The quest to feature as many MN Book Award nominees before the April 16 ceremony marches on! You can play along at home, and watch as a link to each author’s answers are added to this post
Jacqueline West has held a lot of jobs. She’s worked as a church soloist, Montessori preschool teacher, dinner theatre actress, voice instructor, arts writer, waitress, and high school English teacher. After all that, she finally found a job that suits her best, writing full time in Red Wing with her husband, her dog.
Besides being the author of The Shadows (The Books of Elsewhere, Vol. 1) which has been nominated for a MN Book Award for Young People’s Literature, she’s also the author of the poetry collection Cherma.
And now, onto the her answers to the six questions we always ask.

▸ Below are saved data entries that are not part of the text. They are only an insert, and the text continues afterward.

lemma r3a_aut_normalizes_inner_product:
  assumes B: "B \<in> inner_products"
  obtains s t al be k l where "s > 0" "t > 0" "k > 0"
    "B (r3a_aut s t al be (axis 1 1)) (r3a_aut s t al be (axis 1 1)) = k"
    "B (r3a_aut s t al be (axis 1 1)) (r3a_aut s t al be (axis 2 1)) = 0"
    "B (r3a_aut s t al be (axis 1 1)) (r3a_aut s t al be (axis 3 1)) = 0"
    "B (r3a_aut s t al be (axis 2 1)) (r3a_aut s t al be (axis 2 1)) = k * (1 + l\<^sup>2)"
    "B (r3a_aut s t al be (axis 2 1)) (r3a_aut s t al be (axis 3 1)) = - k * l"
    "B (r3a_aut s t al be (axis 3 1)) (r3a_aut s t al be (axis 3 1)) = k"
proof -
  have bil: "bilinear B" and sym: "\<And>x y. B y x = B x y" and pos: "\<And>x. x \<noteq> 0 \<Longrightarrow> B x x > 0"
    using B by (auto simp: inner_products_def)
  let ?e1 = "axis 1 1 :: vec3" and ?e2 = "axis 2 1 :: vec3" and ?e3 = "axis 3 1 :: vec3"
  have g33: "B ?e3 ?e3 > 0"
    by (rule pos) (simp add: axis_eq_0_iff)
  have cs: "(B ?e2 ?e3)\<^sup>2 < B ?e2 ?e2 * B ?e3 ?e3"
  proof (rule inner_products_cauchy_schwarz_strict[OF B])
    show "B ?e3 ?e3 *\<^sub>R ?e2 \<noteq> B ?e2 ?e3 *\<^sub>R ?e3"
      using g33 by (auto simp: vec_eq_iff axis_def dest: spec[of _ 2])
  qed (simp add: axis_eq_0_iff)
  then have "B ?e2 ?e2 * B ?e3 ?e3 - (B ?e2 ?e3)\<^sup>2 \<noteq> 0"
    by simp
  then obtain al be where
    al_be: "B ?e1 ?e2 = al * B ?e2 ?e2 + be * B ?e2 ?e3" "B ?e1 ?e3 = al * B ?e2 ?e3 + be * B ?e3 ?e3"
    by (rule solve_2x2)
  define u where "u = ?e1 - al *\<^sub>R ?e2 - be *\<^sub>R ?e3"
  define k where "k = B u u"
  have "u $ 1 = 1"
    by (simp add: u_def axis_def)
  then have k: "k > 0"
    unfolding k_def by (intro pos) auto
  have u_orth: "B u ?e2 = 0" "B u ?e3 = 0"
    using al_be sym[of ?e2 ?e3] by (simp_all add: u_def bilinear_lsub[OF bil] bilinear_lmul[OF bil])
  obtain s t l where st: "s > 0" "t > 0"
    and gram: "s\<^sup>2 * B ?e2 ?e2 = k * (1 + l\<^sup>2)" "s * t * B ?e2 ?e3 = - k * l" "t\<^sup>2 * B ?e3 ?e3 = k"
    using gram2_normal_form[OF g33 cs k] by blast
  have f_axes: "r3a_aut s t al be ?e1 = u" "r3a_aut s t al be ?e2 = s *\<^sub>R ?e2"
    "r3a_aut s t al be ?e3 = t *\<^sub>R ?e3"
    by (simp_all add: r3a_aut_def u_def vec_eq_iff forall_3 axis_def)
  show ?thesis
    by (rule that[of s t k al be l, OF st k])
      (use u_orth gram in \<open>simp_all add: f_axes k_def bilinear_lmul[OF bil] bilinear_rmul[OF bil]
        power2_eq_square mult_ac\<close>)
qed

lemma r3a_isom_scal_shear:
  assumes B: "B \<in> inner_products"
  shows "\<exists>l. isom_scal (r3a_bracket a) B (act (shear l) ip0)"
proof -
  obtain s t al be k l where st: "s > 0" "t > 0" and k: "k > 0"
    and gram:
      "B (r3a_aut s t al be (axis 1 1)) (r3a_aut s t al be (axis 1 1)) = k"
      "B (r3a_aut s t al be (axis 1 1)) (r3a_aut s t al be (axis 2 1)) = 0"
      "B (r3a_aut s t al be (axis 1 1)) (r3a_aut s t al be (axis 3 1)) = 0"
      "B (r3a_aut s t al be (axis 2 1)) (r3a_aut s t al be (axis 2 1)) = k * (1 + l\<^sup>2)"
      "B (r3a_aut s t al be (axis 2 1)) (r3a_aut s t al be (axis 3 1)) = - k * l"
      "B (r3a_aut s t al be (axis 3 1)) (r3a_aut s t al be (axis 3 1)) = k"
    by (rule r3a_aut_normalizes_inner_product[OF B])
  have bil: "bilinear B" and sym: "\<And>x y. B y x = B x y"
    using B by (auto simp: inner_products_def)
  define f where "f = r3a_aut s t al be"
  have aut: "lie_aut (r3a_bracket a) f"
    unfolding f_def using st by (simp add: lie_aut_r3a_aut)
  have "(\<lambda>x y. B (f x) (f y)) = (\<lambda>x y. k * act (shear l) ip0 x y)"
  proof (rule symmetric_bilinear_eq_shear_form)
    show "bilinear (\<lambda>x y. B (f x) (f y))"
      using bil aut by (simp add: bilinear_pullback lie_aut_def)
    show "B (f y) (f x) = B (f x) (f y)" for x y
      by (rule sym)
  qed (use gram in \<open>simp_all add: f_def\<close>)
  then have "act (shear l) ip0 x y = (1 / k) * B (f x) (f y)" for x y
    using k by (simp add: fun_eq_iff)
  then have "isom_scal (r3a_bracket a) (act (shear l) ip0) B"
    unfolding isom_scal_def using aut k by (intro exI[of _ "1 / k"] exI[of _ f]) simp
  then show ?thesis
    using isom_scal_sym by blast
qed

theorem proposition3p9:
  fixes a :: real
  assumes "-1 \<le> a" and "a < 1"
  shows "set_of_reps (r3a_bracket a)
           {vector [vector [1, 0, 0], vector [0, 1, 0], vector [0, l, 1]] | l. True}"
proof -
  have "{vector [vector [1, 0, 0], vector [0, 1, 0], vector [0, l, 1]] | l. True} = range shear"
    by (auto simp: shear_def)
  moreover have "set_of_reps (r3a_bracket a) (range shear)"
  proof (rule set_of_repsI)
    show "range shear \<subseteq> GL3"
      using invertible_shear by (auto simp: GL3_def)
    show "\<exists>h\<in>range shear. isom_scal (r3a_bracket a) B (act h ip0)" if "B \<in> inner_products" for B
      using r3a_isom_scal_shear[OF that] by blast
  qed
  ultimately show ?thesis
    by simp
qed

end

What book(s) are you currently reading?
I tend to read five or six books at a time, with bookmarked reading material scattered throughout the house so that I can fill every spare minute. Right now, I'm reading Donald Hall's Unpacking the Boxes (I think I love his memoirs even more than his poetry), Sorcery and Cecelia or The Enchanted Chocolate Pot by Patricia C. Wrede and Caroline Stevermer, Schulz and Peanuts: A Biography, by David Michaelis, and Gertrude Stein's The Autobiography of Alice B. Toklas, as well as finally getting started on Remembrance of Things Past.

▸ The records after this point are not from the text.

(* The only solution $(m,p,q,x)$ in positive integers, with $p$ and $q$ odd primes, of the equation $$x^2+q^{2m}=2\cdot 17^p$$ is $(m,p,q,x)=(1,3,5,99)$. *)

theory Defs
  imports Main "HOL-Computational_Algebra.Primes"
begin

end

(*
  Put X = x and Y = q^m, so that X^2 + Y^2 = 2 * 17^p, and let A + B i = (4 + i)^p.
  In the Gaussian integers 2 = -i (1 + i)^2 and 17 = (4 + i)(4 - i); if 17 does not divide
  both X and Y, the factor 17^p of X + Y i comes entirely from one of 4 + i, 4 - i, and
  {X, Y} = {|A - B|, |A + B|}. The residues of (4 + i)^n are periodic modulo 15, 25 and 9,
  with periods 8, 20 and 24. Modulo 15 one of A - B, A + B is divisible by 3 and the other
  by 5, and since common factors 17 can be divided out this forces q to be 3 or 5. Modulo 25
  and 9, q^2 cannot divide A +- B unless q divides p, which leaves only finitely many cases
  and yields m = 1. Finally (4 + i)^(4k) - 1 = c z with c <> 0 and z not divisible by 1 + i,
  so for p >= 5 the numbers A +- B differ from their values at p mod 4 while agreeing with
  them modulo 80; this excludes |A +- B| = q, so p = 3, where A = 52 and B = 47.
*)
theory Submission
  imports Defs "HOL-Number_Theory.Cong"
begin

section \<open>Gaussian integers\<close>

datatype gauss = Gauss (re: int) (im: int)

lemma gauss_eq_iff: "z = w \<longleftrightarrow> re z = re w \<and> im z = im w"
  by (cases z; cases w) auto

instantiation gauss :: comm_ring_1
begin

definition "0 = Gauss 0 0"
definition "1 = Gauss 1 0"
definition "z + w = Gauss (re z + re w) (im z + im w)"
definition "z - w = Gauss (re z - re w) (im z - im w)"
definition "- z = Gauss (- re z) (- im z)"
definition "z * w = Gauss (re z * re w - im z * im w) (re z * im w + im z * re w)"

instance
  by standard (auto simp: gauss_eq_iff zero_gauss_def one_gauss_def plus_gauss_def
      minus_gauss_def uminus_gauss_def times_gauss_def algebra_simps)

end

lemma re_gauss_simps [simp]:
  "re 0 = 0" "re 1 = 1" "re (z + w) = re z + re w" "re (z - w) = re z - re w"
  "re (- z) = - re z" "re (z * w) = re z * re w - im z * im w"
  and im_gauss_simps [simp]:
  "im 0 = 0" "im 1 = 0" "im (z + w) = im z + im w" "im (z - w) = im z - im w"
  "im (- z) = - im z" "im (z * w) = re z * im w + im z * re w"
  by (simp_all add: zero_gauss_def one_gauss_def plus_gauss_def minus_gauss_def
      uminus_gauss_def times_gauss_def)

lemma Gauss_mult: "Gauss a b * Gauss c d = Gauss (a * c - b * d) (a * d + b * c)"
  by (simp add: gauss_eq_iff)

lemma re_of_nat [simp]: "re (of_nat n) = int n"
  and im_of_nat [simp]: "im (of_nat n) = 0"
  by (induction n) simp_all

lemma re_of_int [simp]: "re (of_int c) = c"
  and im_of_int [simp]: "im (of_int c) = 0"
  by (cases c rule: int_cases; simp)+

lemma re_numeral [simp]: "re (numeral k) = numeral k"
  and im_numeral [simp]: "im (numeral k) = 0"
  using re_of_int[of "numeral k"] im_of_int[of "numeral k"] by simp_all

lemma of_int_dvd_gauss_iff: "of_int c dvd z \<longleftrightarrow> c dvd re z \<and> c dvd im z"
proof
  assume "of_int c dvd z"
  then obtain w where "z = of_int c * w" ..
  then show "c dvd re z \<and> c dvd im z" by simp
next
  assume "c dvd re z \<and> c dvd im z"
  then obtain a b where "re z = c * a" "im z = c * b" by (auto elim!: dvdE)
  then have "z = of_int c * Gauss a b" by (simp add: gauss_eq_iff)
  then show "of_int c dvd z" ..
qed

Have you ever had a crush on a fictional character? Who?
I think my first fictional crush was Peter Pan. I could never understand why Wendy wanted to come back to reality when she could have gone on soaring around Neverland with him. Later, I went through a long Heathcliff/Wuthering Heights phase, when I was an adolescent and thought that doom was far more romantic than happiness. Mercutio always made my heart race a bit. So did Atticus Finch-although Gregory Peck's voice might be partially to blame for that one.
If your favorite author came to Minnesota, who would it be and what bar would you take him/her to?

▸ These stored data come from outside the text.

lemma odd_pairs_dvd_iff:
  "odd p \<Longrightarrow> odd q \<Longrightarrow> fps_X dvd (b p + b (p + 1) + b q + b (q + 1))
     \<longleftrightarrow> pair_residue b ((p + 1) div 2) + pair_residue b ((q + 1) div 2) = 0"
  by (elim oddE) (simp add: pair_residue_def fps_X_dvd_iff add.assoc)

lemma odd_pair_condition_iff:
  "(\<exists>p q. odd p \<and> odd q \<and> p < q \<and> q \<le> 2*r - 1
       \<and> \<not> fps_X dvd (b p + b (p+1))
       \<and> \<not> fps_X dvd (b q + b (q+1))
       \<and> \<not> fps_X dvd (b p + b (p+1) + b q + b (q+1))
       \<and> (\<forall>i. odd i \<and> p < i \<and> i < q \<longrightarrow> fps_X dvd (b i + b (i+1))))
   \<longleftrightarrow> (\<exists>l1 l2. 1 \<le> l1 \<and> l1 < l2 \<and> l2 \<le> r
       \<and> pair_residue b l1 \<noteq> 0 \<and> pair_residue b l2 \<noteq> 0 \<and> pair_residue b l1 + pair_residue b l2 \<noteq> 0
       \<and> (\<forall>l. l1 < l \<and> l < l2 \<longrightarrow> pair_residue b l = 0))"
  (is "(\<exists>p q. ?odd p q) \<longleftrightarrow> (\<exists>l1 l2. ?pair l1 l2)")
proof
  assume "\<exists>p q. ?odd p q"
  then obtain p q where pq: "?odd p q" by blast
  have "?pair ((p + 1) div 2) ((q + 1) div 2)"
  proof (intro conjI allI impI)
    show "1 \<le> (p + 1) div 2" "(p + 1) div 2 < (q + 1) div 2" "(q + 1) div 2 \<le> r"
      using pq by (auto elim!: oddE)
    show "pair_residue b ((p + 1) div 2) \<noteq> 0" "pair_residue b ((q + 1) div 2) \<noteq> 0"
      "pair_residue b ((p + 1) div 2) + pair_residue b ((q + 1) div 2) \<noteq> 0"
      using pq odd_pair_dvd_iff odd_pairs_dvd_iff by blast+
  next
    fix l assume l: "(p + 1) div 2 < l \<and> l < (q + 1) div 2"
    then have "odd (2 * l - 1) \<and> p < 2 * l - 1 \<and> 2 * l - 1 < q" "(2 * l - 1 + 1) div 2 = l"
      using pq by (auto elim!: oddE)
    then show "pair_residue b l = 0" using pq odd_pair_dvd_iff by metis
  qed
  then show "\<exists>l1 l2. ?pair l1 l2" by blast
next
  assume "\<exists>l1 l2. ?pair l1 l2"
  then obtain l1 l2 where l: "?pair l1 l2" by blast
  have dvd: "fps_X dvd (b (2 * l - 1) + b (2 * l - 1 + 1)) \<longleftrightarrow> pair_residue b l = 0"
    if "1 \<le> l" for l
    using that by (simp add: fps_X_dvd_iff pair_residue_def)
  have dvd2: "fps_X dvd (b (2 * l1 - 1) + b (2 * l1 - 1 + 1) + b (2 * l2 - 1) + b (2 * l2 - 1 + 1))
      \<longleftrightarrow> pair_residue b l1 + pair_residue b l2 = 0"
    using l by (simp add: fps_X_dvd_iff pair_residue_def add.assoc)
  have "?odd (2 * l1 - 1) (2 * l2 - 1)"
  proof (intro conjI allI impI)
    show "odd (2 * l1 - 1)" "odd (2 * l2 - 1)" "2 * l1 - 1 < 2 * l2 - 1" "2 * l2 - 1 \<le> 2 * r - 1"
      using l by auto
    show "\<not> fps_X dvd (b (2 * l1 - 1) + b (2 * l1 - 1 + 1))"
      "\<not> fps_X dvd (b (2 * l2 - 1) + b (2 * l2 - 1 + 1))"
      "\<not> fps_X dvd (b (2 * l1 - 1) + b (2 * l1 - 1 + 1) + b (2 * l2 - 1) + b (2 * l2 - 1 + 1))"
      using l dvd[of l1] dvd[of l2] dvd2 by simp_all
  next
    fix i assume i: "odd i \<and> 2 * l1 - 1 < i \<and> i < 2 * l2 - 1"
    then have "l1 < (i + 1) div 2" "(i + 1) div 2 < l2" by (auto elim!: oddE)
    then show "fps_X dvd (b i + b (i + 1))" using l i odd_pair_dvd_iff by blast
  qed
  then show "\<exists>p q. ?odd p q" by blast
qed

lemma strict_mono_on_atLeastAtMost_SucI:
  fixes f :: "nat \<Rightarrow> 'a::order"
  assumes "\<And>u. a \<le> u \<Longrightarrow> Suc u \<le> c \<Longrightarrow> f u < f (Suc u)"
  shows "strict_mono_on {a..c} f"
proof (rule strict_mono_onI)
  fix u v assume "u \<in> {a..c}" "v \<in> {a..c}" "u < v"
  then show "f u < f v"
  proof (induction v)
    case (Suc v)
    have step: "f v < f (Suc v)" using Suc.prems by (intro assms) auto
    show ?case
    proof (cases "u = v")
      case False
      then have "f u < f v" using Suc.prems by (intro Suc.IH) auto
      then show ?thesis using step by (rule less_trans)
    qed (use step in simp)
  qed simp
qed

definition special_vertex :: "(nat \<Rightarrow> nat) \<Rightarrow> (nat \<Rightarrow> nat) \<Rightarrow> nat \<Rightarrow> nat" where
  "special_vertex ii jj u = (if odd u then ii ((u + 1) div 2) else jj (u div 2))"

definition special_count :: "(nat \<Rightarrow> nat) \<Rightarrow> (nat \<Rightarrow> nat) \<Rightarrow> nat \<Rightarrow> nat \<Rightarrow> nat" where
  "special_count ii jj r i = card {u \<in> {1..2*r}. special_vertex ii jj u \<le> i}"

lemma special_vertex_odd: "1 \<le> l \<Longrightarrow> special_vertex ii jj (2 * l - 1) = ii l"
  by (simp add: special_vertex_def)

lemma special_vertex_even: "special_vertex ii jj (2 * l) = jj l"
  by (simp add: special_vertex_def)

locale interlaced =
  fixes n r :: nat and ii jj :: "nat \<Rightarrow> nat"
  assumes ii_less_jj: "\<And>l. l \<in> {1..r} \<Longrightarrow> 1 \<le> ii l \<and> ii l < jj l \<and> jj l \<le> n"
    and jj_less_ii: "\<And>l. l \<in> {1..<r} \<Longrightarrow> jj l < ii (Suc l)"
begin

lemma strict_mono_special_vertex: "strict_mono_on {1..2*r} (special_vertex ii jj)"
proof (rule strict_mono_on_atLeastAtMost_SucI)
  fix u assume u: "1 \<le> u" "Suc u \<le> 2 * r"
  show "special_vertex ii jj u < special_vertex ii jj (Suc u)"
  proof (cases "odd u")
    case True
    define l where "l = (u + 1) div 2"
    have l: "l \<in> {1..r}" and "u = 2 * l - 1" "Suc u = 2 * l"
      using u True by (auto simp: l_def elim!: oddE)
    moreover have "1 \<le> l" using l by simp
    ultimately have "special_vertex ii jj u = ii l" "special_vertex ii jj (Suc u) = jj l"
      using special_vertex_odd[where l = l] special_vertex_even[where l = l] by simp_all
    then show ?thesis using ii_less_jj[OF l] by simp
  next
    case False
    define l where "l = u div 2"
    have l: "l \<in> {1..<r}" and "u = 2 * l" "Suc u = 2 * Suc l - 1"
      using u False by (auto simp: l_def)
    then have "special_vertex ii jj u = jj l" "special_vertex ii jj (Suc u) = ii (Suc l)"
      using special_vertex_odd[where l = "Suc l"] special_vertex_even[where l = l] by simp_all
    then show ?thesis using jj_less_ii[OF l] by simp
  qed
qed

lemma special_vertex_range: "u \<in> {1..2*r} \<Longrightarrow> special_vertex ii jj u \<in> {1..n}"
  using ii_less_jj[of "(u + 1) div 2"] ii_less_jj[of "u div 2"]
  by (cases "odd u") (auto simp: special_vertex_def elim!: oddE)

lemma special_vertex_inj: "u \<in> {1..2*r} \<Longrightarrow> v \<in> {1..2*r} \<Longrightarrow>
    special_vertex ii jj u = special_vertex ii jj v \<longleftrightarrow> u = v"
  using strict_mono_on_eqD[OF strict_mono_special_vertex] by blast

lemma special_count_0: "special_count ii jj r 0 = 0"
  using special_vertex_range by (force simp: special_count_def)

lemma special_count_n: "special_count ii jj r n = 2 * r"
proof -
  have "{u \<in> {1..2*r}. special_vertex ii jj u \<le> n} = {1..2*r}"
    using special_vertex_range by auto
  then show ?thesis by (simp add: special_count_def)
qed

lemma special_count_special_vertex:
  assumes "v \<in> {1..2*r}"
  shows "special_count ii jj r (special_vertex ii jj v) = v"
    and "special_count ii jj r (special_vertex ii jj v - 1) = v - 1"
proof -
  have "{u \<in> {1..2*r}. special_vertex ii jj u \<le> special_vertex ii jj v} = {1..v}"
    using assms strict_mono_on_less_eq[OF strict_mono_special_vertex] by auto
  then show "special_count ii jj r (special_vertex ii jj v) = v"
    by (simp add: special_count_def)
  have "1 \<le> special_vertex ii jj v" using special_vertex_range[OF assms] by simp
  then have "{u \<in> {1..2*r}. special_vertex ii jj u \<le> special_vertex ii jj v - 1} = {1..v - 1}"
    using assms strict_mono_on_less[OF strict_mono_special_vertex] by fastforce
  then show "special_count ii jj r (special_vertex ii jj v - 1) = v - 1"
    by (simp add: special_count_def)
qed

lemma special_count_ordinary:
  assumes "i \<notin> special_vertex ii jj ` {1..2*r}"
  shows "special_count ii jj r i = special_count ii jj r (i - 1)"
proof -
  have "{u \<in> {1..2*r}. special_vertex ii jj u \<le> i} = {u \<in> {1..2*r}. special_vertex ii jj u \<le> i - 1}"
    using assms by force
  then show ?thesis by (simp add: special_count_def)
qed

lemma MX_MY_special:
  assumes v: "v \<in> {1..2*r}"
  shows "MX I J r ii jj b (special_vertex ii jj v) = arrow v (b v)
    \<and> MY I J r ii jj b (special_vertex ii jj v) = coarrow v (b v)"
proof (cases "odd v")
  case True
  define l where "l = (v + 1) div 2"
  have l: "l \<in> {1..r}" "2 * l - 1 = v" using v True by (auto simp: l_def elim!: oddE)
  have "(THE l'. l' \<in> {1..r} \<and> ii l' = special_vertex ii jj v) = l"
  proof (rule the_equality)
    fix l' assume l': "l' \<in> {1..r} \<and> ii l' = special_vertex ii jj v"
    then have "2 * l' - 1 \<in> {1..2*r}" "special_vertex ii jj (2 * l' - 1) = special_vertex ii jj v"
      using special_vertex_odd by auto
    then have "2 * l' - 1 = v" using special_vertex_inj v by blast
    then show "l' = l" using l l' by simp
  qed (use l special_vertex_odd in auto)
  moreover have "\<exists>l'\<in>{1..r}. ii l' = special_vertex ii jj v"
    using l special_vertex_odd by (metis atLeastAtMost_iff)
  ultimately show ?thesis using True l by (simp add: MX_def MY_def arrow_def coarrow_def)
next
  case False
  define l where "l = v div 2"
  have l: "l \<in> {1..r}" "2 * l = v" using v False by (auto simp: l_def)
  have "ii l' \<noteq> special_vertex ii jj v" if "l' \<in> {1..r}" for l'
  proof
    assume "ii l' = special_vertex ii jj v"
    then have "2 * l' - 1 \<in> {1..2*r}" "special_vertex ii jj (2 * l' - 1) = special_vertex ii jj v"
      using special_vertex_odd that by auto
    then have "2 * l' - 1 = v" using special_vertex_inj v by blast
    then show False using False that by auto
  qed
  moreover have "(THE l'. l' \<in> {1..r} \<and> jj l' = special_vertex ii jj v) = l"
  proof (rule the_equality)
    fix l' assume "l' \<in> {1..r} \<and> jj l' = special_vertex ii jj v"
    then have "2 * l' \<in> {1..2*r}" "special_vertex ii jj (2 * l') = special_vertex ii jj v"
      using special_vertex_even by auto
    then have "2 * l' = v" using special_vertex_inj v by blast
    then show "l' = l" using l by simp
  qed (use l special_vertex_even in auto)
  moreover have "\<exists>l'\<in>{1..r}. jj l' = special_vertex ii jj v"
    using l special_vertex_even by metis
  ultimately show ?thesis using False l by (simp add: MX_def MY_def arrow_def coarrow_def)
qed

lemma MX_MY_ordinary:
  assumes "i \<notin> special_vertex ii jj ` {1..2*r}"
  shows "\<exists>c d. c \<noteq> 0 \<and> MX I J r ii jj b i = scalar2 c \<and> MY I J r ii jj b i = scalar2 d"
proof -
  have "ii l \<noteq> i" if "l \<in> {1..r}" for l
  proof
    assume "ii l = i"
    then have "i = special_vertex ii jj (2 * l - 1)" "2 * l - 1 \<in> {1..2*r}"
      using that special_vertex_odd by auto
    then show False using assms by blast
  qed
  moreover have "jj l \<noteq> i" if "l \<in> {1..r}" for l
  proof
    assume "jj l = i"
    then have "i = special_vertex ii jj (2 * l)" "2 * l \<in> {1..2*r}"
      using that special_vertex_even by auto
    then show False using assms by blast
  qed
  ultimately show ?thesis
    by (cases "i \<in> I \<inter> J") (auto simp: MX_def MY_def identity2_def tE_def scalar2_def)
qed

lemma rep_chain_MX_MY:
  "rep_chain n (special_count ii jj r) b (MX I J r ii jj b) (MY I J r ii jj b)"
proof
  show "special_count ii jj r 0 = 0" by (rule special_count_0)
next
  fix i assume "i \<in> {1..n}"
  show "(special_count ii jj r i = special_count ii jj r (i - 1)
       \<and> (\<exists>c d. c \<noteq> 0 \<and> MX I J r ii jj b i = scalar2 c \<and> MY I J r ii jj b i = scalar2 d))
     \<or> (special_count ii jj r i = Suc (special_count ii jj r (i - 1))
       \<and> MX I J r ii jj b i = arrow (special_count ii jj r i) (b (special_count ii jj r i))
       \<and> MY I J r ii jj b i = coarrow (special_count ii jj r i) (b (special_count ii jj r i)))"
  proof (cases "i \<in> special_vertex ii jj ` {1..2*r}")
    case True
    then obtain v where v: "v \<in> {1..2*r}" "i = special_vertex ii jj v" by blast
    then show ?thesis
      using special_count_special_vertex[OF v(1)] MX_MY_special[OF v(1)] by auto
  next
    case False
    then show ?thesis using special_count_ordinary MX_MY_ordinary by blast
  qed
qed

end

theorem theorem3p3:
  fixes n k r :: nat and I J :: "nat set" and ii jj :: "nat \<Rightarrow> nat"
    and b :: "nat \<Rightarrow> complex fps"
  assumes "n \<ge> 6" and "1 \<le> k" and "k \<le> n - 1"
    and "I \<subseteq> {1..n}" and "J \<subseteq> {1..n}" and "card I = k" and "card J = k"
    and "tightly_interlacing k I J r"
    and "I - J = ii ` {1..r}" and "J - I = jj ` {1..r}"
    and "\<forall>l\<in>{1..r}. 1 \<le> ii l \<and> ii l < jj l \<and> jj l \<le> n"
    and "\<forall>l\<in>{1..<r}. jj l < ii (Suc l)"
    and "(\<Sum>l=1..2*r. b l) = 0"
  shows "indecomposable_rep n (MX I J r ii jj b) (MY I J r ii jj b) \<longleftrightarrow>
    (\<exists>p q. odd p \<and> odd q \<and> p < q \<and> q \<le> 2*r - 1
       \<and> \<not> fps_X dvd (b p + b (p+1))
       \<and> \<not> fps_X dvd (b q + b (q+1))
       \<and> \<not> fps_X dvd (b p + b (p+1) + b q + b (q+1))
       \<and> (\<forall>i. odd i \<and> p < i \<and> i < q \<longrightarrow> fps_X dvd (b i + b (i+1))))"
proof -
  txt \<open>Only the order of \<open>ii\<close> and \<open>jj\<close> matters: \<open>MX\<close> and \<open>MY\<close> are scalar at every
    other vertex, whatever \<open>I\<close> and \<open>J\<close> are.\<close>
  interpret interlaced n r ii jj
    using assms(11,12) by unfold_locales auto
  interpret rep_chain n "special_count ii jj r" b "MX I J r ii jj b" "MY I J r ii jj b"
    by (rule rep_chain_MX_MY)
  have "special_count ii jj r n = 2 * r" "psum b (2 * r) = 0"
    using special_count_n assms(13) by (simp_all add: psum_def)
  then show ?thesis
    unfolding odd_pair_condition_iff partial_sums_two_nonzero_values_iff[symmetric]
      psum_even_nth_0[symmetric]
    using assms(1) by (intro indecomposable_iff) simp_all
qed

If I were able to bring Kurt Vonnegut, J.D. Salinger, and Sylvia Plath back to life as well as to Minnesota, it might be especially appropriate to take them to Donnie Dirk's Zombie Den. Then I would probably do just what I've done when meeting other authors I admire: beam at them in mute adoration. But I would buy all of their Corpse Reviver cocktails (and in Kurt's case, a whole carton of Pall Malls) if they would just let me sit at the edge of their booth and listen to the three of them talk.
What was your first favorite book?
Little Women was the first novel I read on my own. I was six, and I think I picked it off of the living room shelf just because it was so dauntingly thick. Our copy came from a garage sale; '25?' was written in black marker on its cover, and it was bound in worn red cloth, which eventually bore a discolored pink streak where my piano teacher's basset hound dragged its jowls across the book while trying to direct my attention away from the story and back to the ear-scratching. I read that copy of Little Women again and again. Sometimes I would get to the final page and turn straight back to the beginning. I reread it until we had to repair the binding with electrical tape, and all its corners felt like velvet.
Let’s say Fahrenheit 451 comes to life, which book would you become in order to save it from annihilation?
It might be easiest for me to pick something like Jane Eyre (which I already have half-memorized, thanks to that Victorian-obsessed adolescence), but if I had to embody one book in a Fahrenheit 451 sort of world, I would probably choose Vonnegut's The Sirens of Titan.
What is one book you haven’t read but want to read before you die?
One? I'm currently plodding my way through that “1,001 Books to Read before You Die” list, because I'm a sucker for lists of all kinds. If I had to pick just one, now that I've started it, I would really like to finish Remembrance of Things Past. I'm on page 18. Just 2,000 pages to go.